Дженна заерзала, одновременно стараясь не потревожить маленького песика.
– Вы… вам есть, куда… то есть… Что я говорю. Конечно, нет.
– Не надо слез. Мы все знали, что когда-нибудь этот день настанет. Правда, была надежда, что Джим предупредит заранее, и мы сможем подготовиться морально – да, Малыш?
– Слушайте, мистер Бартон…
– С удовольствием, потому что у меня устал язык. Честно говоря, я столько не разговаривал уже лет десять.
– Я говорю, вам ведь некуда идти, а вашим собакам… некоторым нужно нормальное помещение и вообще…
В темных глазах Хита Бартона мелькнула тревога.
– Вы только не думайте, что я хотел вас разжалобить. Мы отлично прожили эти годы, и я уверен, что все будет отлично и дальше.
– Короче говоря… Оставайтесь!
– ЧТО?!
– Оставайтесь здесь. Уж во всяком случае – сегодня. Да и завтра тоже – потому что за один день вы себе квартиру не найдете.
– Мисс Фарроуз…
Дженна осторожно перенесла спящего Люка на соседний стул и встала. Одернула безнадежно смявшуюся юбку. В голосе зазвучали привычные начальственные нотки.
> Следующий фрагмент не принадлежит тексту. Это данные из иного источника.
lemma norm_blinfun_le_of_dense_ball:
  fixes f :: "'a::real_normed_vector \<Rightarrow>\<^sub>L 'b::real_normed_vector"
  assumes dense: "closure D = UNIV" and r: "0 < r"
    and bound: "\<And>v. v \<in> D \<Longrightarrow> norm v < r \<Longrightarrow> norm (f v) \<le> C"
  shows "norm f \<le> 2 * C / r"
proof -
  have "ball 0 r \<inter> D \<subseteq> {v. norm (f v) \<le> C}" using bound by auto
  then have "closure (ball 0 r \<inter> D) \<subseteq> {v. norm (f v) \<le> C}"
    by (rule closure_minimal) (intro closed_Collect_le continuous_intros)
  moreover have "ball 0 r \<subseteq> closure (ball 0 r \<inter> D)"
    using open_Int_closure_subset[of "ball 0 r" D] dense by simp
  ultimately have ball_bound: "norm (f v) \<le> C" if "norm v < r" for v
    using that by auto
  show ?thesis
  proof (rule norm_blinfun_bound)
    show "0 \<le> 2 * C / r" using ball_bound[of 0] r by simp
    show "norm (f w) \<le> 2 * C / r * norm w" for w
    proof (cases "w = 0")
      case False
      define s where "s = r / (2 * norm w)"
      have "norm (s *\<^sub>R w) < r" using False r by (simp add: s_def)
      then have "s * norm (f w) \<le> C"
        using ball_bound[of "s *\<^sub>R w"] False r by (simp add: s_def blinfun.scaleR_right)
      then show ?thesis using False r by (simp add: s_def field_simps)
    qed simp
  qed
qed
– Это не благотворительность и не сентиментальность. Я вовсе не собираюсь оставлять вас тут навсегда, но искать квартиру, таская за собой полтора десятка собак, просто глупо. Завтра вы отправитесь на поиски квартиры, а собаки останутся здесь.
– А если я и завтра не найду…
– А я не вижу повода, почему бы вам этого не сделать. Оденетесь поприличнее, я заплачу вам обещанный гонорар…
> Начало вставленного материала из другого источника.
(* Let $P_1,\dots,P_m$ be nonzero univariate complex polynomials of degrees $k_1,\dots,k_m\ge1$. Then $$\|P_1\|\cdots\|P_m\|\le\min\Big\{\sqrt{\frac{(k_1+\dots+k_m)!}{k_1!\cdots k_m!}},\ \sqrt{\frac{e^{k_1+\dots+k_m}}{k_1+\dots+k_m+1}}\Big\}\,\|P_1\cdots P_m\|,$$ where $\|\cdot\|$ is the Bombieri–Weyl norm.
   Context: The Bombieri–Weyl norm of a univariate polynomial $P(z)=\sum_{i=0}^k a_iz^i$ of degree $k$ is $\|P\|=(\sum_{i=0}^k\binom{k}{i}^{-1}|a_i|^2)^{1/2}$, i.e. the norm of its homogenization $\sum a_ix^iy^{k-i}$. *)

theory Defs
  imports "HOL-Analysis.Analysis" "HOL-Computational_Algebra.Polynomial"
begin

definition bw_norm :: "complex poly \<Rightarrow> real" where
  "bw_norm P = sqrt (\<Sum>i\<le>degree P. (cmod (coeff P i))\<^sup>2 / real (degree P choose i))"

end

theory Submission
  imports Defs "HOL-Real_Asymp.Real_Asymp" "HOL-Computational_Algebra.Fundamental_Theorem_Algebra"
begin

text \<open>
  A polynomial of degree k is read as the binary form of degree k obtained by homogenisation.

  The first bound is Bombieri's inequality, proved as by Beauzamy, Bombieri, Enflo and Montgomery.
  For the Fock inner product (k! times the Bombieri--Weyl one) the partial derivatives in x and y
  are adjoint to multiplication by x and y. The sums, over all iterated partial derivatives
  D, E of orders i and j, of the inner products of D p * E q with E p * D q therefore satisfy a
  recursion in i and j showing that they are all nonnegative. For i = j = 0 the sum is the squared
  norm of p q, and one step of the recursion together with Euler's identity for p gives
  <p, p> <q, q> \<le> <pq, pq> by induction on the degree of p.

  For the second bound factor the product as c times the product of x - r over its n roots r, and
  compare both sides with K = |c|^2 * prod (1 + |r|^2). Multiplying by x - r multiplies the squared
  norm by at most 1 + |r|^2, so the product of the squared norms of the factors is at most K.
  Conversely the squared norm of a polynomial of degree n, divided by n + 1, is the integral over
  [0, 1] of sum |a_i|^2 t^i (1 - t)^(n - i). A Landau-type inequality bounds this integrand below by
  |c|^2 * prod max(t, (1 - t) |r|^2), and Jensen's inequality for exp bounds the integral of that
  product below by |c|^2 * prod ((1 + |r|^2) / e) = e^(-n) K.
\<close>

section \<open>Partial derivatives of binary forms\<close>

text \<open>
  A polynomial f with \<open>degree f \<le> d\<close> stands for the form \<open>y\<^sup>d f(x/y)\<close> of degree d. Then
  \<open>pderiv f\<close> and \<open>ypderiv d f\<close> are its partial derivatives in x and y, \<open>hmult True\<close> and
  \<open>hmult False\<close> are multiplication by x and y, and \<open>hpderivs w d f\<close> applies the partial
  derivatives listed in the word w (True for x), the last letter first.
\<close>

definition ypderiv :: "nat \<Rightarrow> 'a::idom poly \<Rightarrow> 'a poly" where
  "ypderiv d f = smult (of_nat d) f - pCons 0 (pderiv f)"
– Что ж это такое! Неужели я так плохо выгляжу, что все норовят дать мне денег? Джим, теперь вы…
– Скажем так, я выплачу вам то, что обещал мистер Спенсер. С самим мистером Спенсером я разберусь позднее.
– Ох, боюсь, дело кончится цементом и коротким всплеском волн где-нибудь у отдаленного причала…
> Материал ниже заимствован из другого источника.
lemma integrable_extremal_process: "integrable (measure_pmf p) (extremal_process n)"
proof (rule measure_pmf.integrable_const_bound)
  show "AE i in measure_pmf p. norm (extremal_process n i) \<le> \<bar>f n\<bar> + (\<Sum>k\<le>n. \<bar>g k\<bar>)"
  proof (rule AE_I2)
    fix i
    have "\<bar>g (i - 1)\<bar> \<le> (\<Sum>k\<le>n. \<bar>g k\<bar>)" if "i \<in> {1..Suc n}"
      using that by (intro member_le_sum) auto
    moreover have "0 \<le> (\<Sum>k\<le>n. \<bar>g k\<bar>)" by (simp add: sum_nonneg)
    ultimately show "norm (extremal_process n i) \<le> \<bar>f n\<bar> + (\<Sum>k\<le>n. \<bar>g k\<bar>)"
      by (auto simp: extremal_process_def simp del: atLeastAtMost_iff)
  qed
qed simp

context
  fixes m :: real
  assumes start: "m \<in> {- f 0..g 0}"
begin

text \<open>\<open>survival n\<close> is the probability of not having jumped by time \<open>n\<close>.\<close>

definition survival :: "nat \<Rightarrow> real" where
  "survival n = (g 0 - m) / band_width 0 * ratio_partial_prod n"

definition extremal_weight :: "nat \<Rightarrow> real" where
  "extremal_weight i =
    (if i = 0 then survival 0 * ratio_prod f g
     else if i = 1 then 1 - survival 0
     else survival (i - 2) - survival (i - 1))"

definition extremal_pmf :: "nat pmf" where
  "extremal_pmf = embed_pmf extremal_weight"

lemma survival_0_nonneg: "0 \<le> survival 0"
  using start band_width_pos[of 0] by (simp add: survival_def)

lemma survival_0_le_1: "survival 0 \<le> 1"
  using start band_width_pos[of 0] by (simp add: survival_def band_width_def)

lemma survival_Suc: "survival (Suc n) = survival n * step_ratio (Suc n)"
  by (simp add: survival_def ratio_partial_prod_Suc)

lemma survival_Suc_le: "survival (Suc n) \<le> survival n"
proof -
  have "ratio_partial_prod (Suc n) \<le> ratio_partial_prod n"
    using decseq_ratio_partial_prod by (simp add: decseq_Suc_iff)
  moreover have "0 \<le> (g 0 - m) / band_width 0"
    using survival_0_nonneg by (simp add: survival_def)
  ultimately show ?thesis
    unfolding survival_def by (rule mult_left_mono)
qed

lemma survival_LIMSEQ: "survival \<longlonglongrightarrow> survival 0 * ratio_prod f g"
proof -
  have "(\<lambda>n. (g 0 - m) / band_width 0 * ratio_partial_prod n)
      \<longlonglongrightarrow> (g 0 - m) / band_width 0 * ratio_prod f g"
    by (rule tendsto_mult_left[OF ratio_partial_prod_LIMSEQ])
  then show ?thesis unfolding survival_def by simp
qed

lemma extremal_weight_nonneg: "0 \<le> extremal_weight i"
proof -
  have "survival (i - 1) \<le> survival (i - 2)" if "2 \<le> i"
    using survival_Suc_le[of "i - 2"] that by (simp add: Suc_diff_Suc numeral_2_eq_2)
  moreover have "0 \<le> survival 0 * ratio_prod f g"
    using survival_0_nonneg ratio_prod_nonneg by (rule mult_nonneg_nonneg)
  ultimately show ?thesis
    using survival_0_le_1 by (auto simp: extremal_weight_def)
qed

lemma extremal_weight_sums: "extremal_weight sums 1"
proof -
  have "(\<lambda>k. survival k - survival (Suc k)) sums (survival 0 - survival 0 * ratio_prod f g)"
    by (rule telescope_sums'[OF survival_LIMSEQ])
  then have "(\<lambda>k. extremal_weight (Suc (Suc k))) sums (survival 0 - extremal_weight 0)"
    by (simp add: extremal_weight_def)
  then have "(\<lambda>k. extremal_weight (Suc k))
      sums (survival 0 - extremal_weight 0 + extremal_weight (Suc 0))"
    by (rule iffD1[OF sums_Suc_iff[of "\<lambda>k. extremal_weight (Suc k)"]])
  then have "extremal_weight
      sums (survival 0 - extremal_weight 0 + extremal_weight (Suc 0) + extremal_weight 0)"
    by (rule iffD1[OF sums_Suc_iff[of extremal_weight]])
  moreover have "survival 0 - extremal_weight 0 + extremal_weight (Suc 0) + extremal_weight 0 = 1"
    by (simp add: extremal_weight_def)
  ultimately show ?thesis by simp
qed

lemma pmf_extremal_pmf: "pmf extremal_pmf i = extremal_weight i"
  unfolding extremal_pmf_def
proof (rule pmf_embed_pmf)
  show "(\<integral>\<^sup>+i. ennreal (extremal_weight i) \<partial>count_space UNIV) = 1"
    using extremal_weight_sums extremal_weight_nonneg
    by (simp add: nn_integral_count_space_nat suminf_ennreal2 sums_summable
        sums_unique[symmetric])
qed (rule extremal_weight_nonneg)

lemma sum_extremal_weight: "(\<Sum>i\<in>{1..Suc n}. extremal_weight i) = 1 - survival n"
  by (induction n) (simp_all add: extremal_weight_def)

lemma sum_extremal_jump_values:
  "(\<Sum>i\<in>{1..Suc n}. g (i - 1) * extremal_weight i) - f n * survival n = m"
proof (induction n)
  case 0
  have "survival 0 * band_width 0 = g 0 - m"
    using band_width_pos[of 0] by (simp add: survival_def)
  then show ?case by (simp add: extremal_weight_def band_width_def algebra_simps)
next
  case (Suc n)
  \<comment> \<open>the jump probability at time \<open>Suc n\<close> is exactly what keeps the mean at \<open>m\<close>\<close>
  have "survival (Suc n) * band_width (Suc n) = survival n * (g (Suc n) + f n)"
    using band_width_pos[of "Suc n"] by (simp add: survival_Suc step_ratio_def)
  then show ?case
    using Suc.IH by (simp add: extremal_weight_def band_width_def algebra_simps)
qed

lemma expectation_extremal_process:
  "measure_pmf.expectation extremal_pmf (extremal_process n) = m"
proof -
  have "measure_pmf.expectation extremal_pmf (\<lambda>i. extremal_process n i + f n)
      = (\<Sum>i\<in>{1..Suc n}. (extremal_process n i + f n) * pmf extremal_pmf i)"
    by (rule integral_measure_pmf_real) (auto simp: extremal_process_def split: if_splits)
  also have "\<dots> = (\<Sum>i\<in>{1..Suc n}. g (i - 1) * extremal_weight i + f n * extremal_weight i)"
    by (intro sum.cong) (auto simp: extremal_process_def pmf_extremal_pmf algebra_simps)
  also have "\<dots> = (\<Sum>i\<in>{1..Suc n}. g (i - 1) * extremal_weight i)
      + f n * (\<Sum>i\<in>{1..Suc n}. extremal_weight i)"
    by (simp only: sum.distrib sum_distrib_left)
  also have "\<dots> = m + f n"
    using sum_extremal_jump_values[of n]
    by (simp only: sum_extremal_weight right_diff_distrib mult_1_right)
  finally show ?thesis
    using integrable_extremal_process by simp
qed

lemma martingale_extremal_process:
  "martingale (measure_pmf extremal_pmf) extremal_filtration extremal_process"
proof (rule measure_pmf.martingaleI_set_integral)
  fix n and A :: "nat set"
  assume "A \<in> sets (extremal_filtration n)"
  then obtain B where A: "A = revealed n -` B"
    by (auto simp: sets_extremal_filtration)
  \<comment> \<open>\<open>A\<close> either contains or misses all outcomes not yet revealed, and only on those
    the process moves\<close>
  have moves: "indicator A i * extremal_process (Suc n) i - indicator A i * extremal_process n i
      = (if 0 \<in> B then extremal_process (Suc n) i - extremal_process n i else 0)" for i
    by (cases "i \<in> {1..Suc n}")
      (auto simp: A revealed_def indicator_def extremal_process_Suc_eq simp del: atLeastAtMost_iff)
  have int_A: "integrable extremal_pmf (\<lambda>i. indicator A i * extremal_process k i)" for k
    using integrable_mult_indicator[of A extremal_pmf "extremal_process k"]
      integrable_extremal_process by simp
  have "(\<integral>i\<in>A. extremal_process (Suc n) i \<partial>extremal_pmf)
      - (\<integral>i\<in>A. extremal_process n i \<partial>extremal_pmf)
      = (\<integral>i. indicator A i * extremal_process (Suc n) i
          - indicator A i * extremal_process n i \<partial>extremal_pmf)"
    using int_A by (simp add: set_lebesgue_integral_def)
  also have "\<dots> = (if 0 \<in> B
      then (\<integral>i. extremal_process (Suc n) i - extremal_process n i \<partial>extremal_pmf) else 0)"
    by (cases "0 \<in> B") (simp_all only: moves if_True if_False integral_zero)
  also have "\<dots> = 0"
    using integrable_extremal_process expectation_extremal_process by simp
  finally show "(\<integral>i\<in>A. extremal_process (Suc n) i \<partial>extremal_pmf)
      = (\<integral>i\<in>A. extremal_process n i \<partial>extremal_pmf)"
    by simp
qed (simp_all add: filtration_on_extremal_filtration extremal_process_measurable
      integrable_extremal_process)

lemma prob_extremal_hit:
  "measure_pmf.prob extremal_pmf {i. \<exists>n. g n \<le> extremal_process n i} = crossing_bound f g m"
proof -
  have "\<not> g n \<le> extremal_process n 0" for n
    using band_width_pos[of n] by (simp add: extremal_process_def band_width_def)
  moreover have "g (i - 1) \<le> extremal_process (i - 1) i" if "i \<noteq> 0" for i
    using that by (simp add: extremal_process_def)
  ultimately have "{i. \<exists>n. g n \<le> extremal_process n i} = UNIV - {0}"
    by auto
  then have "measure_pmf.prob extremal_pmf {i. \<exists>n. g n \<le> extremal_process n i}
      = 1 - pmf extremal_pmf 0"
    using measure_pmf.prob_compl[of "{0}" extremal_pmf] by (simp add: measure_pmf_single)
  also have "\<dots> = crossing_bound f g m"
    by (simp add: pmf_extremal_pmf extremal_weight_def survival_def crossing_bound_def band_width_def)
  finally show ?thesis .
qed

end

end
– С вашего позволения, я пойду. Хочу попробовать все-таки отдохнуть. До завтра, мистер Бартон.
– До завтра, красавица.
– Что?!
– Вы красивая, это чистая правда. Одно из моих положительных качеств – я жутко правдив.
– И жутко нахальны.
– Как все цыгане.
– Спокойной ночи.
– Услышите шум – не волнуйтесь.
– Это с пятнадцатью-то собаками? Разумеется, не буду.
– Спокойной ночи.
– Я помню.
Дженна сидела у себя в спальне, накинув халат на голое тело и лениво размазывая крем под глазами. Зеркало прямо перед ней сияло самой настоящей рампой, батарея баночек, флаконов и тюбиков выстроилась в предвкушении битвы за молодость и красоту – но Дженна Фарроуз унеслась мыслями далеко-далеко. В детство. В юность. В те дни, когда все было иначе…
У нее никогда не было собаки. Родители не запрещали, нет, но у мамы была сильнейшая аллергия на собачью шерсть, и маленькая Дженна все прекрасно понимала: не о чем грустить, если не можешь ничего изменить.
Между тем, собак она очень любила. Со временем, прочитав множество книг, она была потрясена тем обстоятельством, что ученые мужи – ветеринары, биологи и писатели – искренне считали, будто собаки понимают только человеческие интонации, а не слова, не имеют абстрактного мышления и видят лишь силуэты, но не людей и предметы.
Мастер Джейк, большой и до ужаса грязный белый пес, живший на задворках закусочной Тарлоу, встречал ее из школы и провожал домой. Когда она разбила коленку, упав с велосипеда, он вылизал ее ссадину, а потом ходил за ней, как пришитый, отгоняя мальчишек, дразнивших ее Хромоножкой.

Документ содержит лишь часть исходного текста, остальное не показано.